NCPA - National Center for Policy Analysis


January 22, 2008

As the debate over the residency status of the nation's estimated 12 million illegal immigrants boils, another battle is simmering over what -- if any -- benefits they deserve while they're here, says USA Today.

Some of the most heated arguments on the issue focus on health care, where one thing is clear -- undocumented immigrants are driving up the number of people without health insurance:

  • The Pew Hispanic Center estimates that 59 percent of the nation's illegal immigrants are uninsured, compared with 25 percent of legal immigrants and 14 percent of U.S. citizens.
  • Illegal immigrants represent about 15 percent of the nation's 47 million uninsured people -- and about 30 percent of the increase since 1980.

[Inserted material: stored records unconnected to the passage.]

lemma (in cring) ideal_not_subset_Union_prod_maximalideals:
  fixes n :: nat
  assumes J: "ideal J R"
    and Ms: "\<forall>k<n. maximalideal (Ms k) R" and not_subset: "\<forall>k<n. \<not> J \<subseteq> J \<cdot> Ms k"
  shows "\<exists>x\<in>J. \<forall>k<n. x \<notin> J \<cdot> Ms k"
  using Ms not_subset
proof (induction n)
  case 0
  show ?case using J additive_subgroup.zero_closed ideal.axioms(1) by blast
next
  case (Suc n)
  then obtain x where x: "x \<in> J" "\<forall>k<n. x \<notin> J \<cdot> Ms k" by auto
  show ?case
  proof (cases "\<exists>k<n. Ms n = Ms k")
    case True
    with x show ?thesis using less_Suc_eq by auto
  next
    case False
    with Suc.prems(1) have "\<forall>k<n. maximalideal (Ms k) R \<and> Ms k \<noteq> Ms n" by auto
    then obtain e where e: "e \<in> carrier R" "\<forall>k<n. e \<in> Ms k" "\<one> \<ominus> e \<in> Ms n"
      using exists_separating_element_maximalideals Suc.prems(1) by blast
    obtain y where y: "y \<in> J" "y \<notin> J \<cdot> Ms n" using Suc.prems(2) by auto
    have xc: "x \<in> carrier R" and yc: "y \<in> carrier R" using ideal.Icarr[OF J] x(1) y(1) by auto
    \<comment> \<open>\<open>x'\<close> is congruent to \<open>x\<close> modulo each \<open>Ms k\<close>, \<open>k < n\<close>, and to \<open>y\<close> modulo \<open>Ms n\<close>\<close>
    define x' where "x' = x \<oplus> (y \<ominus> x) \<otimes> e"
    have "x' \<in> J"
      unfolding x'_def using J x(1) ideal.I_r_closed[OF J ideal_minus_closed[OF J y(1) x(1)] e(1)]
      by (meson additive_subgroup.a_closed ideal.axioms(1))
    moreover have "x' \<notin> J \<cdot> Ms k" if k: "k < Suc n" for k
    proof
      assume x'_in: "x' \<in> J \<cdot> Ms k"
      have P: "ideal (J \<cdot> Ms k) R"
        using ideal_prod_is_ideal[OF J] Suc.prems(1) k maximalideal.axioms(1) by blast
      show False
      proof (cases "k = n")
        case True
        have "(x \<ominus> y) \<otimes> (\<one> \<ominus> e) \<in> J \<cdot> Ms k"
          using ideal_prod.prod[OF ideal_minus_closed[OF J x(1) y(1)]] e(3) True by simp
        moreover have "y = x' \<ominus> (x \<ominus> y) \<otimes> (\<one> \<ominus> e)"
          unfolding x'_def using xc yc e(1) by algebra
        ultimately show False using ideal_minus_closed[OF P x'_in] y(2) True by metis
      next
        case False
        with k have "k < n" by simp
        with e(2) have "e \<in> Ms k" by blast
        then have "(y \<ominus> x) \<otimes> e \<in> J \<cdot> Ms k"
          using ideal_prod.prod[OF ideal_minus_closed[OF J y(1) x(1)]] by blast
        moreover have "x = x' \<ominus> (y \<ominus> x) \<otimes> e"
          unfolding x'_def using xc yc e(1) by algebra
        ultimately show False using ideal_minus_closed[OF P x'_in] x(2) \<open>k < n\<close> by metis
      qed
    qed
    ultimately show ?thesis by blast
  qed
qed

Opponents of illegal immigration see health care as a benefit that illegal immigrants don't deserve -- and that taxpayers can't afford.  Consider:

  • Illegal immigrants make up less than 5 percent of the cost in most states, but closer to 10 percent in some California counties.
  • In 2000, counties along the Mexican border lost more than $800 million in health care services for which they were not paid; about 25 percent of that went to care for illegal immigrants.
  • From 2001 to 2004, spending for emergency Medicaid for illegal immigrants rose by 28 percent in North Carolina
  • Some states, including New York, Illinois and Washington, as well as several California counties, cover illegal immigrant children with state tax dollars.

For hospitals, "the burden of the uninsured immigrant is huge," says Jeff Spade, vice president of the North Carolina Hospital Association.  "It's exploded the amount of work that they have to do."